UENISHI Kota edited this page Jul 27, 2015 · 9 revisions

Developer docs;

Summary: Since 2.1, Riak CS has introduced a new metric system to monitor the system in much better way and to diagnose system issues. Stanchion has also introduced a metric system that is analogous to that of Riak CS, including stanchion-admin command and /stats HTTP endpoint.

Status of this document: Requesting for comments. Although most implementation has been finished, it is still easy to add/remove items to cover minor improvements that reflect real need from operation viewpoint. As well as changing item names for comprehensive English would be appreciated.

The new metric system has more items than previous system to see

  • Statistics of API requests - count, latency, success and errors
  • Statistics of Riak PB API performance - count, latency, success and errors
  • Statistics of accessing Stanchion
  • Waiting time and service time of Stanchion serialization queue
  • System metrics like OTP, memory, and
  • Mochiweb metrics.

This document will describe basic ideas of new metric system and try to help maintain Riak CS and Stanchion 2.1 system.

Usage and What's new

Interface to retrive stats information from Riak CS has been command riak-cs-admin status and HTTP/JSON API /riak-cs/stats, which is not changed. But a lot of new detailed items were added as well as system metrics. See example results of riak-cs-admin status and HTTP/JSON API /riak-cs/stats .

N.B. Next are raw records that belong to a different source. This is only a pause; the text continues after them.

(* If $\mathcal{T}$ is a single-elimination tournament with at least $2$ players and $N$ total brackets, then for every scoring system $\sigma$ we have $\mathrm{res}(\mathcal{T},\sigma)>\tfrac14 N$.
   Context: A single-elimination tournament is a finite directed graph $\mathcal{T}$ such that: (a) $\mathcal{T}$ has exactly one sink (vertex with no out-neighbours); (b) every non-sink vertex has exactly one out-neighbour; (c) $\mathcal{T}$ has no directed cycles; (d) $|N^-(v)|\ne 1$ for every vertex $v$, where $N^-(v)$ denotes the set of in-neighbours of $v$. The players $P(\mathcal{T})$ are the sources and the matches are $M(\mathcal{T})=V(\mathcal{T})\setminus P(\mathcal{T})$. A bracket is a function $B:V(\mathcal{T})\to P(\mathcal{T})$ with $B(a)=a$ for every player $a$ and $B(x)\in\{B(u):u\in N^-(x)\}$ for every match $x$. A scoring system is any function $\sigma:M(\mathcal{T})\to\mathbb{R}_{>0}$. For brackets $B,B'$ let $\mathrm{score}_\sigma(B,B')=\sum_{x\in M(\mathcal{T}):\,B(x)=B'(x)}\sigma(x)$. A set of brackets $\mathcal{B}$ is $\sigma$-resolving if for every pair of distinct brackets $B\ne B'$ there is $B_i\in\mathcal{B}$ with $\mathrm{score}_\sigma(B_i,B)\ne\mathrm{score}_\sigma(B_i,B')$. $\mathrm{res}(\mathcal{T},\sigma)$ is the minimum $r$ such that every set of $r$ brackets is $\sigma$-resolving. *)

theory Defs
  imports Complex_Main
begin

definition out_nbrs :: "('v \<times> 'v) set \<Rightarrow> 'v \<Rightarrow> 'v set" where
  "out_nbrs E v = {w. (v, w) \<in> E}"

definition in_nbrs :: "('v \<times> 'v) set \<Rightarrow> 'v \<Rightarrow> 'v set" where
  "in_nbrs E v = {u. (u, v) \<in> E}"

definition is_sink :: "'v set \<Rightarrow> ('v \<times> 'v) set \<Rightarrow> 'v \<Rightarrow> bool" where
  "is_sink V E v \<longleftrightarrow> v \<in> V \<and> out_nbrs E v = {}"

definition single_elim_tournament :: "'v set \<Rightarrow> ('v \<times> 'v) set \<Rightarrow> bool" where
  "single_elim_tournament V E \<longleftrightarrow>
     finite V \<and> E \<subseteq> V \<times> V \<and>
     (\<exists>!v. is_sink V E v) \<and>
     (\<forall>v\<in>V. \<not> is_sink V E v \<longrightarrow> card (out_nbrs E v) = 1) \<and>
     acyclic E \<and>
     (\<forall>v\<in>V. card (in_nbrs E v) \<noteq> 1)"

definition players :: "'v set \<Rightarrow> ('v \<times> 'v) set \<Rightarrow> 'v set" where
  "players V E = {v \<in> V. in_nbrs E v = {}}"

definition matches :: "'v set \<Rightarrow> ('v \<times> 'v) set \<Rightarrow> 'v set" where
  "matches V E = V - players V E"

text \<open>A bracket is a function V \<rightarrow> players; outside V it is fixed to undefined
 so that brackets correspond exactly to functions on V.\<close>
definition bracket :: "'v set \<Rightarrow> ('v \<times> 'v) set \<Rightarrow> ('v \<Rightarrow> 'v) \<Rightarrow> bool" where
  "bracket V E B \<longleftrightarrow>
     (\<forall>x. x \<notin> V \<longrightarrow> B x = undefined) \<and>
     (\<forall>x\<in>V. B x \<in> players V E) \<and>
     (\<forall>a\<in>players V E. B a = a) \<and>
     (\<forall>x\<in>matches V E. B x \<in> B ` in_nbrs E x)"

definition brackets :: "'v set \<Rightarrow> ('v \<times> 'v) set \<Rightarrow> ('v \<Rightarrow> 'v) set" where
  "brackets V E = {B. bracket V E B}"

definition scoring_system :: "'v set \<Rightarrow> ('v \<times> 'v) set \<Rightarrow> ('v \<Rightarrow> real) \<Rightarrow> bool" where
  "scoring_system V E \<sigma> \<longleftrightarrow> (\<forall>x\<in>matches V E. \<sigma> x > 0)"

definition score :: "'v set \<Rightarrow> ('v \<times> 'v) set \<Rightarrow> ('v \<Rightarrow> real) \<Rightarrow> ('v \<Rightarrow> 'v) \<Rightarrow> ('v \<Rightarrow> 'v) \<Rightarrow> real" where
  "score V E \<sigma> B B' = (\<Sum>x\<in>{x\<in>matches V E. B x = B' x}. \<sigma> x)"

definition resolving :: "'v set \<Rightarrow> ('v \<times> 'v) set \<Rightarrow> ('v \<Rightarrow> real) \<Rightarrow> ('v \<Rightarrow> 'v) set \<Rightarrow> bool" where
  "resolving V E \<sigma> S \<longleftrightarrow>
     (\<forall>B\<in>brackets V E. \<forall>B'\<in>brackets V E. B \<noteq> B' \<longrightarrow>
        (\<exists>Bi\<in>S. score V E \<sigma> Bi B \<noteq> score V E \<sigma> Bi B'))"

definition res :: "'v set \<Rightarrow> ('v \<times> 'v) set \<Rightarrow> ('v \<Rightarrow> real) \<Rightarrow> nat" where
  "res V E \<sigma> = (LEAST r. \<forall>S. S \<subseteq> brackets V E \<longrightarrow> card S = r \<longrightarrow> resolving V E \<sigma> S)"

end

(*
  Let s be the final, k >= 2 the number of its in-neighbours and N the number of brackets.
  Handing the final to the winner of another in-neighbour is injective on brackets, so each of
  the k subtrees below s supplies the champion of exactly N/k brackets; hence below an
  in-neighbour u with m players under it some player is champion of at most N/(k m) brackets.

  Pick such rare champions p1, p2 below distinct in-neighbours u1, u2. Some bracket has p1 beat
  p2 in the final, and handing that final to p2 gives a second bracket differing only at s.
  Every bracket whose champion is neither p1 nor p2 scores the two equally under any scoring
  system, so res exceeds the number of such brackets. For k >= 3, or
  k = 2 with u2 a match (m >= 2), p1 and p2 are champions of at most 3N/4 brackets. Otherwise
  the tournament has two players, N = 2 and res >= 1.
*)
theory Submission
  imports Defs "HOL-Library.FuncSet"
begin

lemma card_ge_twoE:
  assumes "card A \<ge> 2"
  obtains a b where "a \<in> A" "b \<in> A" "a \<noteq> b"
proof -
  have "finite A"
    using assms card_ge_0_finite by force
  with assms show thesis
    using that card_le_Suc0_iff_eq[of A] by force
qed

lemma card_less_res:
  assumes "finite (brackets V E)" and "S\<^sub>0 \<subseteq> brackets V E"
    and "\<And>S. S \<subseteq> S\<^sub>0 \<Longrightarrow> \<not> resolving V E \<sigma> S"
  shows "card S\<^sub>0 < res V E \<sigma>"
proof -
  let ?all_resolving = "\<lambda>r. \<forall>S. S \<subseteq> brackets V E \<longrightarrow> card S = r \<longrightarrow> resolving V E \<sigma> S"
  have "?all_resolving (Suc (card (brackets V E)))"
    using card_mono[OF assms(1)] by (metis Suc_n_not_le_n)
  then have "?all_resolving (res V E \<sigma>)"
    unfolding res_def by (rule LeastI)
  show ?thesis
  proof (rule ccontr)
    assume "\<not> card S\<^sub>0 < res V E \<sigma>"
    then obtain S where "S \<subseteq> S\<^sub>0" "card S = res V E \<sigma>"
      using obtain_subset_with_card_n[of "res V E \<sigma>" S\<^sub>0] by force
    then show False
      using assms(2,3) \<open>?all_resolving (res V E \<sigma>)\<close> by blast
  qed
qed

lemma score_eq_if_differ_only_at:
  assumes "\<And>x. x \<noteq> v \<Longrightarrow> B x = B' x" and "C v \<noteq> B v" and "C v \<noteq> B' v"
  shows "score V E \<sigma> C B = score V E \<sigma> C B'"
proof -
  have "{x \<in> matches V E. C x = B x} = {x \<in> matches V E. C x = B' x}"
    using assms by (metis (mono_tags))
  then show ?thesis
    by (simp add: score_def)
qed

locale tournament =
  fixes V :: "'v set" and E :: "('v \<times> 'v) set" and s :: 'v
  assumes single_elim: "single_elim_tournament V E" and sink: "is_sink V E s"
begin

lemma finite_V: "finite V"
  using single_elim by (simp add: single_elim_tournament_def)

lemma edges_subset: "E \<subseteq> V \<times> V"
  using single_elim by (simp add: single_elim_tournament_def)

lemma acyclic_E: "acyclic E"
  using single_elim by (simp add: single_elim_tournament_def)

lemma wf_E: "wf E"
  using finite_acyclic_wf finite_subset[OF edges_subset] finite_V acyclic_E by blast

lemma wf_converse_E: "wf (E\<inverse>)"
  using finite_acyclic_wf_converse finite_subset[OF edges_subset] finite_V acyclic_E by blast

lemma edge_irrefl: "(x, x) \<notin> E"
  using acyclic_E by (auto simp: acyclic_def)

lemma sink_in_V: "s \<in> V"
  using sink by (simp add: is_sink_def)

lemma no_edge_from_sink: "(s, y) \<notin> E"
  using sink by (simp add: is_sink_def out_nbrs_def)

lemma sink_unique: "is_sink V E v \<Longrightarrow> v = s"
  using single_elim sink by (auto simp: single_elim_tournament_def)

lemma players_subset: "players V E \<subseteq> V"
  by (auto simp: players_def)

lemma finite_in_nbrs: "finite (in_nbrs E x)"
  using edges_subset finite_V by (auto simp: in_nbrs_def intro: finite_subset)

lemma single_valued_E: "single_valued E"
proof (rule single_valuedI)
  fix x y z assume "(x, y) \<in> E" and "(x, z) \<in> E"
  moreover from this have "x \<in> V" and "\<not> is_sink V E x"
    using edges_subset by (auto simp: is_sink_def out_nbrs_def)
  then obtain w where "out_nbrs E x = {w}"
    using single_elim by (auto simp: single_elim_tournament_def card_1_singleton_iff)
  ultimately show "y = z"
    by (auto simp: out_nbrs_def set_eq_iff)
qed

lemma rtrancl_to_sink:
  assumes "v \<in> V" shows "(v, s) \<in> E\<^sup>*"
proof (rule ccontr)
  assume not_reach: "(v, s) \<notin> E\<^sup>*"
  obtain z where z: "(v, z) \<in> E\<^sup>*" and maximal: "\<And>y. (z, y) \<in> E \<Longrightarrow> (v, y) \<notin> E\<^sup>*"
    using wfE_min[OF wf_converse_E, of v "{w. (v, w) \<in> E\<^sup>*}"] by auto
  have "z \<in> V"
    using z assms edges_subset by (auto elim: rtranclE)
  have "z \<noteq> s"
    using z not_reach by blast
  then have "\<not> is_sink V E z"
    using sink_unique by blast
  then obtain y where "(z, y) \<in> E"
    using \<open>z \<in> V\<close> by (auto simp: is_sink_def out_nbrs_def)
  then show False
    using maximal z by (meson rtrancl_into_rtrancl)
qed

lemma ex_player_rtrancl:
  assumes "v \<in> V" shows "\<exists>p\<in>players V E. (p, v) \<in> E\<^sup>*"
proof -
  obtain z where z: "(z, v) \<in> E\<^sup>*" and minimal: "\<And>y. (y, z) \<in> E \<Longrightarrow> (y, v) \<notin> E\<^sup>*"
    using wfE_min[OF wf_E, of v "{w. (w, v) \<in> E\<^sup>*}"] by auto
  have "z \<in> V"
    using z assms edges_subset by (auto elim: converse_rtranclE)
  moreover have "in_nbrs E z = {}"
    using minimal z by (auto simp: in_nbrs_def intro: converse_rtrancl_into_rtrancl)
  ultimately show ?thesis
    using z by (auto simp: players_def)
qed

lemma player_rtrancl_eq:
  assumes "a \<in> players V E" and "(p, a) \<in> E\<^sup>*" shows "p = a"
  using assms by (auto simp: players_def in_nbrs_def elim: rtranclE)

To Stanchion a new corresponding command and HTTP/JSON API endpoint have been added. They have same granularity of items as that of Riak CS. See example results of stanchion-admin status and HTTP/JSON API /stats .

Terminology and categories

Terms:

  • in, out - these are for each API call, metrics taken when a request has started and when a request has finished.
  • error - if a term 'error' is in metric item name, it stands that the request has failed. Successful requests are for corresponding item that does not include 'error'. Note that most irregular responses with code 50x are not being counted neither.
  • one, total - Major suffix for counting. 'one' stands for a time window that is decided by exometer; while 'total' stands for accumulated value since a node has started.
  • time - stats for latency from when a request has started and has finished. All followed by suffix 95, 99, 100, mean and median.

Categories:

  • S3 API stats - items staring with prefix service, bucket, list, multiple_delete, object and multipart (names for S3 APIs) are stats for those APIs, typically followed by a term like put, get or delete.
  • Stanchion access stats - items starting with prefix velvet stand for latency and counts accusing Stanchion process for creating/updating/deleting buckets or creating users. They are useful to know major latency of slow requests are in Stanchion or not.
  • riakc - items starting with prefix riakc stand for latency and call counts to Riak PB API. riakc usually followed by operations like put or get and their targets like manifests or blocks. They are also useful to know where major latency comes from, like getting user record, bucket record, or updating manifests and so on.

Riak CS

As there are > 1000 items, this section is for describing major prefixes.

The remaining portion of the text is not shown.